> _Listed records_
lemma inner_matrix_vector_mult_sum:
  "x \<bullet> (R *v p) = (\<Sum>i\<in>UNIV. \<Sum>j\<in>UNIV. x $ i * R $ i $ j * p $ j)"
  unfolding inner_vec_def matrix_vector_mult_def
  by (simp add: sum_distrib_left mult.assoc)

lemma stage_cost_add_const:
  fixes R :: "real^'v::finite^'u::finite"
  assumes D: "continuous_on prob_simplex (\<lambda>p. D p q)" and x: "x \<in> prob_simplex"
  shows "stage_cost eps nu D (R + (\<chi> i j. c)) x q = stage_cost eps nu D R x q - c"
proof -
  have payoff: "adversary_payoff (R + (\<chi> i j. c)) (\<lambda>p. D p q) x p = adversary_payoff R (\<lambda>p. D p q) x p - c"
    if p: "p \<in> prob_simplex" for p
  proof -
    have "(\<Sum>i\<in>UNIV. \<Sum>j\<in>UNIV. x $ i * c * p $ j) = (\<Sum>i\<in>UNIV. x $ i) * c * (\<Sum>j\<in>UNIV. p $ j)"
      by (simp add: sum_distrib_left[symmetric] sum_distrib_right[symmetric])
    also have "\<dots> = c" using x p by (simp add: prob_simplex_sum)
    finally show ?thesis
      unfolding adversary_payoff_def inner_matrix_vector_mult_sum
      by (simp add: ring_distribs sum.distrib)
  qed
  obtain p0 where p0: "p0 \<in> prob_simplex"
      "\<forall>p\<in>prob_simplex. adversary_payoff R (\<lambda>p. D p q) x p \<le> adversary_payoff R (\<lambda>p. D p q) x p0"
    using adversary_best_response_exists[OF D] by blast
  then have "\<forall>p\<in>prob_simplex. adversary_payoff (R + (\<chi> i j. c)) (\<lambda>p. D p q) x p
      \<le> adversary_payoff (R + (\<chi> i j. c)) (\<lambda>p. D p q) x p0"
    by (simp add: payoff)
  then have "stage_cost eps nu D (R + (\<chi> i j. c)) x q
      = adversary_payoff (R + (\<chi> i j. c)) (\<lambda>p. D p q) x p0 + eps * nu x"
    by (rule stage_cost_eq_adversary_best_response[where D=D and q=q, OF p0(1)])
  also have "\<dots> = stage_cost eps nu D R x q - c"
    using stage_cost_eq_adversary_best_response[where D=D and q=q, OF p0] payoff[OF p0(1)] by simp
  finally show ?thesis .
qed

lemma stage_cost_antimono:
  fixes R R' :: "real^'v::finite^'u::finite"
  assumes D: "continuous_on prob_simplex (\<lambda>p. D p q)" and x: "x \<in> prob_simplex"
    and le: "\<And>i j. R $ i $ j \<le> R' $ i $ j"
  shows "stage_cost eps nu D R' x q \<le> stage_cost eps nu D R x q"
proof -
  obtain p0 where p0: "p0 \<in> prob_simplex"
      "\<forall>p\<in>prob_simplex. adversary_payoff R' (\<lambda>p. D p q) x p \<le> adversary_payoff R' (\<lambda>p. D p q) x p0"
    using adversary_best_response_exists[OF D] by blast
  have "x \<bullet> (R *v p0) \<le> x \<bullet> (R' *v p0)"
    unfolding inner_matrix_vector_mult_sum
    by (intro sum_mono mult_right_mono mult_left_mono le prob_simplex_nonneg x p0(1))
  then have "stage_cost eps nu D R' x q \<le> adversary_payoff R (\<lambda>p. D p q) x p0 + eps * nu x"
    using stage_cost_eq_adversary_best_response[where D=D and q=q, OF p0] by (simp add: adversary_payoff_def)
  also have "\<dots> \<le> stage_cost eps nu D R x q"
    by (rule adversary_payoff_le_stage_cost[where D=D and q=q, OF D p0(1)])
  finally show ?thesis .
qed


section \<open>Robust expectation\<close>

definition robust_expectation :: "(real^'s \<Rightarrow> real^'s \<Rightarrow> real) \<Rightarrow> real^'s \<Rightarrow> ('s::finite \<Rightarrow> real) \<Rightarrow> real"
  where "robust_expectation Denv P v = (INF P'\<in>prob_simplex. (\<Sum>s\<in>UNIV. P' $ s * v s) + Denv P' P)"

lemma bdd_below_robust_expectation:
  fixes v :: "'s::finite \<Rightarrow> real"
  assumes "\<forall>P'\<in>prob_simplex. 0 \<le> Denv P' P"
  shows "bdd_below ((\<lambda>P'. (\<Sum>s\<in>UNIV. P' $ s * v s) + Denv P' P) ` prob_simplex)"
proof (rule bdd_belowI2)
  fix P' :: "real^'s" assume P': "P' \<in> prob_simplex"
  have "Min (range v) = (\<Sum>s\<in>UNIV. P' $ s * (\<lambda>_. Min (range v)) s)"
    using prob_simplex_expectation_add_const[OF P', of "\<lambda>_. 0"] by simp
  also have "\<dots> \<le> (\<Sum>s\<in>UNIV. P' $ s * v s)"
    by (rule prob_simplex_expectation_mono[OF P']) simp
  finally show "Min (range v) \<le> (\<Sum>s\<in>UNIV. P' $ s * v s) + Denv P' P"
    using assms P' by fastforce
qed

> _About this task_
For the lines above, output exactly those from the line containing "p \<le> adversary_payoff R'" through the line containing "q \<le> adversary_payoff", and skip the others.

> _Answer section_
      "\<forall>p\<in>prob_simplex. adversary_payoff R' (\<lambda>p. D p q) x p \<le> adversary_payoff R' (\<lambda>p. D p q) x p0"
    using adversary_best_response_exists[OF D] by blast
  have "x \<bullet> (R *v p0) \<le> x \<bullet> (R' *v p0)"
    unfolding inner_matrix_vector_mult_sum
    by (intro sum_mono mult_right_mono mult_left_mono le prob_simplex_nonneg x p0(1))
  then have "stage_cost eps nu D R' x q \<le> adversary_payoff R (\<lambda>p. D p q) x p0 + eps * nu x"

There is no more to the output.